Ok, after a few days of Web server issues, I think the blog is back up and running. It was totally my fault and this problem illustrates the importance of getting your .htaccess file correct.

If you are not a web developer OR you are not concerned with your web site’s search engine rankings, you will probably enjoy the rest of this post about as much as watching grass grow.

When I first noticed the server problems, I was as confused as Paris Hilton in a 4th grade math class. “What is going on”, I wondered (sidenote – those were not my exact words. As Mark Twain said, “Under certain trying circumstances, profanity provides a relief denied even to prayer”).

So, being a card carrying member of the tin foil hat club, I naturally feared the worst. I checked all the usual suspects responsible for sites crashing – hackers, a sudden onslaught of traffic (aka DOS), etc.

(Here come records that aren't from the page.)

lemma has_sum_arrivals:
  assumes \<kappa>: "\<kappa> \<in> {1..K}" and w: "\<And>n. n \<in> states K \<Longrightarrow> \<bar>w n\<bar> \<le> 1"
  shows "((\<lambda>n. w n * p_minus P n \<kappa>) has_sum expect (\<lambda>n. w (incr n \<kappa>))) (states K)"
proof -
  let ?T = "{n \<in> states K. n \<kappa> \<noteq> 0}"
  have "((\<lambda>n. w (incr n \<kappa>) * P n) has_sum expect (\<lambda>n. w (incr n \<kappa>))) (states K)"
    using w incr_states \<kappa> by (intro has_sum_expect) auto
  also have "?this \<longleftrightarrow> ((\<lambda>n. w n * p_minus P n \<kappa>) has_sum expect (\<lambda>n. w (incr n \<kappa>))) ?T"
    by (rule has_sum_reindex_bij_witness[where i = "\<lambda>n. decr n \<kappa>" and j = "\<lambda>n. incr n \<kappa>"])
      (use \<kappa> in \<open>auto simp: incr_states decr_states incr_decr incr_apply p_minus_incr\<close>)
  also have "\<dots> \<longleftrightarrow> ((\<lambda>n. w n * p_minus P n \<kappa>) has_sum expect (\<lambda>n. w (incr n \<kappa>))) (states K)"
    by (rule has_sum_cong_neutral) (auto simp: p_minus_def)
  finally show ?thesis .
qed

lemma has_sum_departures:
  assumes \<kappa>: "\<kappa> \<in> {1..K}" and w: "\<And>n. n \<in> states K \<Longrightarrow> \<bar>w n\<bar> \<le> 1"
  shows "((\<lambda>n. w n * ((\<Prod>i=1..\<kappa>-1. if n i = 0 then 1 else 0) * p_plus P n \<kappa>)) has_sum
           infsum (\<lambda>n. w (serve n) * P n) (served_from K \<kappa>)) (states K)"
    (is "(?f has_sum ?s) _")
proof -
  have "((\<lambda>n. w (serve n) * P n) has_sum ?s) (served_from K \<kappa>)"
    using w serve_states by (intro has_sum_infsum summable_weighted)
      (auto simp: served_from_def empty_upto_def)
  also have "?this \<longleftrightarrow> ((\<lambda>n. w n * P (incr n \<kappa>)) has_sum ?s) (empty_upto K (\<kappa> - 1))"
    by (rule has_sum_reindex_bij_witness[where i = "\<lambda>n. incr n \<kappa>" and j = "\<lambda>n. decr n \<kappa>"])
      (use \<kappa> in \<open>auto simp: served_from_def empty_upto_def incr_decr serve_served_from
        incr_states decr_states incr_apply decr_apply\<close>)
  also have "\<dots> \<longleftrightarrow> (?f has_sum ?s) (states K)"
    by (rule has_sum_cong_neutral)
      (auto simp: empty_upto_def prod_indicator_zero p_plus_incr)
  finally show ?thesis .
qed

lemma has_sum_idle:
  assumes w: "\<And>n. n \<in> states K \<Longrightarrow> \<bar>w n\<bar> \<le> 1"
  shows "((\<lambda>n. w n * ((\<Prod>i=1..K. if n i = 0 then 1 else 0) * P n)) has_sum
           infsum (\<lambda>n. w (serve n) * P n) (empty_upto K K)) (states K)"
proof -
  have "((\<lambda>n. w (serve n) * P n) has_sum infsum (\<lambda>n. w (serve n) * P n) (empty_upto K K))
          (empty_upto K K)"
    using w serve_states by (intro has_sum_infsum summable_weighted) (auto simp: empty_upto_def)
  then show ?thesis
    by (subst has_sum_cong_neutral[where T = "empty_upto K K"])
      (auto simp: empty_upto_def prod_indicator_zero serve_empty_upto)
qed

lemma expect_balance:
  assumes w: "\<And>n. n \<in> states K \<Longrightarrow> \<bar>w n\<bar> \<le> 1"
  shows "(1 + sigma r K) * expect w
           = (\<Sum>\<kappa>=1..K. r \<kappa> * expect (\<lambda>n. w (incr n \<kappa>))) + expect (\<lambda>n. w (serve n))"
proof -
  let ?f = "\<lambda>n. w (serve n) * P n"
  let ?idle = "\<lambda>k n. \<Prod>i=1..k. if n i = 0 then 1 else (0::real)"
  let ?rhs = "infsum ?f (empty_upto K K)
    + (\<Sum>\<kappa>=1..K. r \<kappa> * expect (\<lambda>n. w (incr n \<kappa>)) + infsum ?f (served_from K \<kappa>))"
  have "((\<lambda>n. w n * (?idle K n * P n) + (\<Sum>\<kappa>=1..K. r \<kappa> * (w n * p_minus P n \<kappa>)
            + w n * (?idle (\<kappa> - 1) n * p_plus P n \<kappa>))) has_sum ?rhs) (states K)"
    using w by (intro has_sum_add has_sum_idle has_sum_sum has_sum_cmult_right
        has_sum_arrivals has_sum_departures) auto
  also have "?this \<longleftrightarrow> ((\<lambda>n. (1 + sigma r K) * (w n * P n)) has_sum ?rhs) (states K)"
  proof (rule has_sum_cong)
    fix n assume "n \<in> states K"
    with balance have bal: "(1 + sigma r K) * P n = ?idle K n * P n
        + (\<Sum>\<kappa>=1..K. r \<kappa> * p_minus P n \<kappa> + ?idle (\<kappa> - 1) n * p_plus P n \<kappa>)"
      unfolding balance_def by blast
    have "w n * (?idle K n * P n) + (\<Sum>\<kappa>=1..K. r \<kappa> * (w n * p_minus P n \<kappa>)
            + w n * (?idle (\<kappa> - 1) n * p_plus P n \<kappa>))
          = w n * (?idle K n * P n
              + (\<Sum>\<kappa>=1..K. r \<kappa> * p_minus P n \<kappa> + ?idle (\<kappa> - 1) n * p_plus P n \<kappa>))"
      by (simp add: sum_distrib_left distrib_left mult.left_commute)
    also have "\<dots> = (1 + sigma r K) * (w n * P n)"
      by (simp only: bal[symmetric] mult.left_commute)
    finally show "w n * (?idle K n * P n) + (\<Sum>\<kappa>=1..K. r \<kappa> * (w n * p_minus P n \<kappa>)
            + w n * (?idle (\<kappa> - 1) n * p_plus P n \<kappa>)) = (1 + sigma r K) * (w n * P n)" .
  qed
  finally have "(1 + sigma r K) * expect w = ?rhs"
    using has_sum_cmult_right[OF has_sum_expect[OF w]] by (rule has_sum_unique[rotated])
  moreover have "infsum ?f (empty_upto K K) + (\<Sum>\<kappa>=1..K. infsum ?f (served_from K \<kappa>))
                   = expect (\<lambda>n. w (serve n))"
    using infsum_served_from[of ?f K K] w serve_states
    by (simp add: expect_def summable_weighted)
  ultimately show ?thesis by (simp add: sum.distrib)
qed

Nope, nothing so sinister as that.

Then, it hit me like a visit from my inlaws. I remembered that I recently did some URL rewriting through the wonderful .htaccess file. Basically, I was using Redirect 301 to redirect old URLs to the new ones. Like a doofus, I created the .htaccess file, uploaded it and then left town for a few days without checking to make sure all was well with what I had just done.

So, I quickly checked the .htaccess file line-by-line. Bingo – I had written ONE LINE incorrectly. In fact, ONE component of that one line was out of place. Here is what I had written:
Redirect /blog/2007/02/clear-your-web-browser-cache/ 301 http://crystalcoasttech.com/blog/clear-your-web-browser-cache/

However, it should have been written like this:
Redirect 301 /blog/2007/02/clear-your-web-browser-cache/ http://crystalcoasttech.com/blog/clear-your-web-browser-cache/
Notice the placement of “301” in both examples. D’oh. Something so small as that and yet it brought the entire blog to a screeching halt. Let this be a lesson:

  1. Make sure to write your code in the correct format.
  2. After you upload new code to your site, make sure you check everything for errors.

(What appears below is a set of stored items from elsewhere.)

lemma cubes_in_XF:
  assumes "F \<subseteq> Pow {1..n}"
  shows "cubes_in n (XF F) = (\<lambda>(A, B). icube A B) ` cubes_of F"
proof (intro set_eqI iffI)
  fix Q assume "Q \<in> cubes_in n (XF F)"
  then have sub: "cube_set Q \<subseteq> XF F" by (simp add: cubes_in_def)
  define A B where "A = icube_lo Q" and "B = icube_hi Q"
  have Q_eq: "Q = icube A B"
    unfolding A_def B_def using sub XF_unit_bounded by (intro icube_if_unit_bounded) blast
  have AB: "A \<subseteq> B" by (auto simp: A_def B_def icube_lo_def icube_hi_def)
  have "C \<in> F" if "C \<in> ival A B" for C
  proof (rule indicator_mem_XF)
    have "indicator C \<in> geom_real A B"
      using that by (intro indicator_mem_geom_real) (auto simp: ival_def)
    then show "indicator C \<in> XF F"
      using sub unfolding Q_eq cube_set_icube[OF AB] by blast
  qed
  then have "(A, B) \<in> cubes_of F" using AB by (auto simp: cubes_of_def)
  then show "Q \<in> (\<lambda>(A, B). icube A B) ` cubes_of F"
    unfolding Q_eq by (rule rev_image_eqI) simp
next
  fix Q assume "Q \<in> (\<lambda>(A, B). icube A B) ` cubes_of F"
  then obtain A B where Q: "Q = icube A B" and AB: "(A, B) \<in> cubes_of F" by auto
  then have "A \<subseteq> B" "B \<in> F" by (auto simp: cubes_of_def ival_def)
  moreover have "B \<subseteq> {1..n}" using \<open>B \<in> F\<close> assms by blast
  ultimately have "elem_cube n Q"
    unfolding Q elem_cube_def icube_def by auto
  moreover have "cube_set Q \<subseteq> XF F"
    unfolding Q cube_set_icube[OF \<open>A \<subseteq> B\<close>] using AB by (rule geom_real_subset_XF)
  ultimately show "Q \<in> cubes_in n (XF F)" by (simp add: cubes_in_def)
qed

section \<open>An acyclic matching on the cubes of X(F)\<close>

definition cube_mate :: "nat set set \<Rightarrow> ecube \<Rightarrow> ecube" where
  "cube_mate F Q = icube (toggle (pivot F (icube_lo Q) (icube_hi Q)) (icube_lo Q)) (icube_hi Q)"

(* Lexicographic in (card B, pivot_level F A B), since pivot_level F A B < 2 * n + 2. *)
definition cube_level :: "nat \<Rightarrow> nat set set \<Rightarrow> ecube \<Rightarrow> nat" where
  "cube_level n F Q = card (icube_hi Q) * (2 * n + 2) + pivot_level F (icube_lo Q) (icube_hi Q)"

context
  fixes F :: "nat set set" and n :: nat
  assumes rooted: "simply_rooted F" and empty: "{} \<in> F" and F: "F \<subseteq> Pow {1..n}"
begin

lemma cubes_ofD:
  assumes "(A, B) \<in> cubes_of F"
  shows "A \<subseteq> B" "ival A B \<subseteq> F" "B \<in> F" "finite B" "card B \<le> n"
proof -
  show "A \<subseteq> B" "ival A B \<subseteq> F" using assms by (auto simp: cubes_of_def)
  then show "B \<in> F" by (auto simp: ival_def)
  then have "B \<subseteq> {1..n}" using F by blast
  then show "finite B" by (rule finite_subset) simp
  from \<open>B \<subseteq> {1..n}\<close> have "card B \<le> card {1..n}" by (intro card_mono) auto
  then show "card B \<le> n" by simp
qed

lemma cube_mate_icube:
  assumes "(A, B) \<in> cubes_of F" "B \<noteq> {}"
  defines "p \<equiv> pivot F A B"
  shows "cube_mate F (icube A B) = icube (toggle p A) B"
    and "(toggle p A, B) \<in> cubes_of F"
    and "cube_mate F (icube (toggle p A) B) = icube A B"
    and "cube_level n F (icube (toggle p A) B) = cube_level n F (icube A B)"
    and "\<bar>bd_cube (icube (toggle p A) B) (icube A B)\<bar> = 1 \<or> \<bar>bd_cube (icube A B) (icube (toggle p A) B)\<bar> = 1"
proof -
  note cell = cubes_ofD[OF assms(1)]
  note B = cell(4,3) assms(2)
  have p: "p \<in> B" unfolding p_def by (rule pivot_mem[OF rooted empty B cell(1,2)])
  have sub: "toggle p A \<subseteq> B" using p cell(1) by (rule toggle_subset)
  show "cube_mate F (icube A B) = icube (toggle p A) B"
    using cell(1) by (simp add: cube_mate_def p_def)
  show "(toggle p A, B) \<in> cubes_of F"
    using sub ival_toggle_pivot[OF rooted empty B cell(1,2)] by (simp add: cubes_of_def p_def)
  show "cube_mate F (icube (toggle p A) B) = icube A B"
    using sub pivot_toggle_pivot[OF rooted empty B cell(1,2)] by (simp add: cube_mate_def p_def)
  show "cube_level n F (icube (toggle p A) B) = cube_level n F (icube A B)"
    using sub cell(1) pivot_level_toggle_pivot[OF rooted empty B cell(1,2)]
    by (simp add: cube_level_def p_def)
  show "\<bar>bd_cube (icube (toggle p A) B) (icube A B)\<bar> = 1 \<or> \<bar>bd_cube (icube A B) (icube (toggle p A) B)\<bar> = 1"
  proof (cases "p \<in> A")
    case True
    have "\<bar>bd_cube (icube (A - {p}) B) (icube (insert p (A - {p})) B)\<bar> = 1"
      by (rule abs_bd_cube_icube_insert) (use B p in auto)
    then show ?thesis using True by (simp add: toggle_def insert_absorb)
  next
    case False
    have "\<bar>bd_cube (icube A B) (icube (insert p A) B)\<bar> = 1"
      by (rule abs_bd_cube_icube_insert) (use B p False in auto)
    then show ?thesis using False by (simp add: toggle_def)
  qed
qed

lemma cube_level_faces:
  assumes R: "(A, B) \<in> cubes_of F" and j: "j \<in> B - A"
  shows "cube_level n F (icube A (B - {j})) < cube_level n F (icube A B)"
    and "cube_mate F (icube (insert j A) B) \<noteq> icube A B \<Longrightarrow>
      cube_level n F (icube (insert j A) B) < cube_level n F (icube A B)"
proof -
  note cell = cubes_ofD[OF R]
  have B: "finite B" "B \<in> F" "B \<noteq> {}" using cell j by auto
  let ?N = "2 * n + 2"
  have "pivot_level F A (B - {j}) < ?N"
  proof -
    have "card (B - {j} - insert (pivot F A (B - {j})) A) \<le> card (B - {j})"
      by (rule card_mono) (use B(1) in auto)
    then have "pivot_level F A (B - {j}) \<le> 2 * card (B - {j}) + 1"
      unfolding pivot_level_def by simp
    also have "\<dots> < ?N" using cell(5) j B(1) by (simp add: card_Diff1_less_iff)
    finally show ?thesis .
  qed
  then have "card (B - {j}) * ?N + pivot_level F A (B - {j}) < Suc (card (B - {j})) * ?N"
    by simp
  also have "Suc (card (B - {j})) = card B"
    using B(1) j by (intro card_Suc_Diff1) auto
  finally have "card (B - {j}) * ?N + pivot_level F A (B - {j}) < card B * ?N" .
  then show "cube_level n F (icube A (B - {j})) < cube_level n F (icube A B)"
    using cell(1) j by (simp add: cube_level_def subset_Diff_insert)
  assume "cube_mate F (icube (insert j A) B) \<noteq> icube A B"
  moreover have "insert j A \<subseteq> B" using cell(1) j by blast
  ultimately have "pivot F (insert j A) B \<noteq> j"
    using j by (auto simp: cube_mate_def toggle_def)
  with pivot_level_upper_face[OF rooted empty B cell(1,2) j]
  show "cube_level n F (icube (insert j A) B) < cube_level n F (icube A B)"
    using cell(1) j \<open>insert j A \<subseteq> B\<close> by (simp add: cube_level_def)
qed

lemma finite_cubes_of: "finite (cubes_of F)"
proof (rule finite_subset)
  have "(A, B) \<in> Pow {1..n} \<times> Pow {1..n}" if "(A, B) \<in> cubes_of F" for A B
    using cubes_ofD(1,3)[OF that] F by blast
  then show "cubes_of F \<subseteq> Pow {1..n} \<times> Pow {1..n}" by auto
qed simp

lemma cubes_in_XF_minus_origin:
  "Q \<in> cubes_in n (XF F) - {icube {} {}} \<longleftrightarrow>
    (\<exists>A B. Q = icube A B \<and> (A, B) \<in> cubes_of F \<and> B \<noteq> {})"
proof -
  have origin: "icube A B = icube {} {} \<longleftrightarrow> B = {}" if "(A, B) \<in> cubes_of F" for A B
  proof
    assume "icube A B = icube {} {}"
    then have "icube_hi (icube A B) = icube_hi (icube {} {})" by simp
    then show "B = {}" using cubes_ofD(1)[OF that] by simp
  qed (use cubes_ofD(1)[OF that] in simp)
  show ?thesis
  proof
    assume "Q \<in> cubes_in n (XF F) - {icube {} {}}"
    then obtain A B where "Q = icube A B" "(A, B) \<in> cubes_of F" "Q \<noteq> icube {} {}"
      unfolding cubes_in_XF[OF F] by auto
    with origin show "\<exists>A B. Q = icube A B \<and> (A, B) \<in> cubes_of F \<and> B \<noteq> {}" by blast
  next
    assume "\<exists>A B. Q = icube A B \<and> (A, B) \<in> cubes_of F \<and> B \<noteq> {}"
    with origin show "Q \<in> cubes_in n (XF F) - {icube {} {}}"
      unfolding cubes_in_XF[OF F] by force
  qed
qed

lemma acyclic_matching_cubes_in_XF:
  "acyclic_matching (cubes_in n (XF F)) (icube {} {}) (cube_mate F) (cube_level n F)"
proof (rule acyclic_matching.intro)
  let ?K = "cubes_in n (XF F)" and ?v = "icube {} {}"
  show "finite ?K" using finite_cubes_of by (simp add: cubes_in_XF[OF F])
  show "face_closed ?K" by (rule face_closed_cubes_in)
  show "\<And>Q. Q \<in> ?K \<Longrightarrow> finite {i. snd (Q i)}" by (rule finite_nondegenerate_cubes_in)
  show "?v \<in> ?K" unfolding cubes_in_XF[OF F] using empty by (force simp: cubes_of_def ival_def)
  show "\<And>i. \<not> snd (?v i)" by (simp add: snd_icube)
next
  fix Q assume "Q \<in> cubes_in n (XF F) - {icube {} {}}"
  then obtain A B where Q: "Q = icube A B" "(A, B) \<in> cubes_of F" "B \<noteq> {}"
    using cubes_in_XF_minus_origin by blast
  then show "cube_mate F Q \<in> cubes_in n (XF F) - {icube {} {}} \<and> cube_mate F (cube_mate F Q) = Q \<and>
      cube_level n F (cube_mate F Q) = cube_level n F Q \<and>
      (\<bar>bd_cube (cube_mate F Q) Q\<bar> = 1 \<or> \<bar>bd_cube Q (cube_mate F Q)\<bar> = 1)"
  proof (intro conjI)
    show "cube_mate F Q \<in> cubes_in n (XF F) - {icube {} {}}"
      unfolding cubes_in_XF_minus_origin using cube_mate_icube(1,2)[OF Q(2,3)] Q(1,3) by blast
  qed (use cube_mate_icube[OF Q(2,3)] Q(1) in simp_all)
next
  fix Q R assume "R \<in> cubes_in n (XF F)" "bd_cube R Q \<noteq> 0" "R \<noteq> cube_mate F Q"
  obtain A B where R: "R = icube A B" "(A, B) \<in> cubes_of F"
    using \<open>R \<in> cubes_in n (XF F)\<close> cubes_in_XF[OF F] by auto
  obtain j where "snd (R j)" "Q = face_hi R j \<or> Q = face_lo R j"
    using \<open>bd_cube R Q \<noteq> 0\<close> bd_cube_nonzero_imp_face by blast
  moreover have j: "j \<in> B - A" using \<open>snd (R j)\<close> R(1) by (simp add: snd_icube)
  ultimately have "Q = icube (insert j A) B \<or> Q = icube A (B - {j})"
    using R(1) face_hi_icube[OF j] face_lo_icube[OF j] by simp
  then show "cube_level n F Q < cube_level n F R"
    using cube_level_faces[OF R(2) j] \<open>R \<noteq> cube_mate F Q\<close> unfolding R(1) by auto
qed

end

section \<open>Connectedness\<close>

lemma connected_geom_real:
  assumes "A \<subseteq> B"
  shows "connected (geom_real A B)"
proof -
  define S :: "nat \<Rightarrow> real set" where
    "S i = (if i \<in> A then {1} else if i \<in> B then {0..1} else {0})" for i
  have "(i \<in> A \<longrightarrow> x i = 1) \<and> (i \<in> B - A \<longrightarrow> 0 \<le> x i \<and> x i \<le> 1) \<and> (i \<notin> B \<longrightarrow> x i = 0)
      \<longleftrightarrow> x i \<in> S i" for x :: "nat \<Rightarrow> real" and i
    using assms by (auto simp: S_def)
  then have "geom_real A B = PiE UNIV S"
    unfolding geom_real_def PiE_UNIV_domain Pi_iff by blast
  moreover have "connectedin (product_topology (\<lambda>i. euclidean) UNIV) (PiE UNIV S)"
    by (simp add: connectedin_PiE S_def)
  ultimately show ?thesis by (simp add: euclidean_product_topology)
qed

lemma connected_component_XF_cube:
  assumes "(A, B) \<in> cubes_of F" "x \<in> geom_real A B" "y \<in> geom_real A B"
  shows "connected_component (XF F) x y"
  using connected_geom_real geom_real_subset_XF[OF assms(1)] assms
  by (intro connected_componentI) (auto simp: cubes_of_def)

lemma connected_XF:
  assumes "simply_rooted F" "{} \<in> F"
  shows "connected (XF F)"
proof -
  let ?vertex = "\<lambda>C. indicator C :: nat \<Rightarrow> real"
  have origin: "({}, {}) \<in> cubes_of F" using assms(2) by (simp add: cubes_of_def ival_def)
  have vertex: "?vertex A \<in> geom_real A B" if "A \<subseteq> B" for A B
    using that indicator_mem_geom_real[of A A B] by simp
  have "connected_component (XF F) (?vertex {}) (?vertex A)" if "A \<in> F" for A
  proof (cases "A = {}")
    case True
    then show ?thesis
      using connected_component_XF_cube[OF origin vertex[of "{}" "{}"] vertex[of "{}" "{}"]] by simp
  next
    case False
    define r where "r = root_of F A"
    have "r \<in> A" "ival {r} A \<subseteq> F" using root_of[OF assms(1) that False] by (auto simp: r_def)
    then have edge: "({}, {r}) \<in> cubes_of F" and face: "({r}, A) \<in> cubes_of F"
      using assms(2) by (auto simp: cubes_of_def ival_def subset_singleton_iff)
    have "connected_component (XF F) (?vertex {}) (?vertex {r})"
      by (auto intro!: connected_component_XF_cube[OF edge] indicator_mem_geom_real)
    moreover have "connected_component (XF F) (?vertex {r}) (?vertex A)"
      using \<open>r \<in> A\<close> by (auto intro!: connected_component_XF_cube[OF face] indicator_mem_geom_real)
    ultimately show ?thesis by (rule connected_component_trans)
  qed
  moreover have "\<exists>A. A \<in> F \<and> connected_component (XF F) (?vertex A) x" if x: "x \<in> XF F" for x
  proof -
    obtain A B where AB: "(A, B) \<in> cubes_of F" "x \<in> geom_real A B"
      using x unfolding XF_def by blast
    then have "A \<in> F" "A \<subseteq> B" by (auto simp: cubes_of_def ival_def)
    then show ?thesis using connected_component_XF_cube[OF AB(1) vertex AB(2)] by blast
  qed
  ultimately have "connected_component (XF F) (?vertex {}) x" if "x \<in> XF F" for x
    using that connected_component_trans by metis
  then show ?thesis
    unfolding connected_iff_connected_component
    by (metis connected_component_sym connected_component_trans)
qed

If I would have followed either one of those rules, I would not have had these problems. One of the main purposes of using a .htaccess file is to help preserve search engine rankings. However, by not having my .htaccess file written correctly, I actually did more harm than good.

EDIT 8/10/07 – I really do know how to write .htaccess files. I started each line with “Redirect 301” and then I was pasting the URL to be redirected. The problem was that I accidentally pasted the URL between “Redirect” and “301”. D’oh.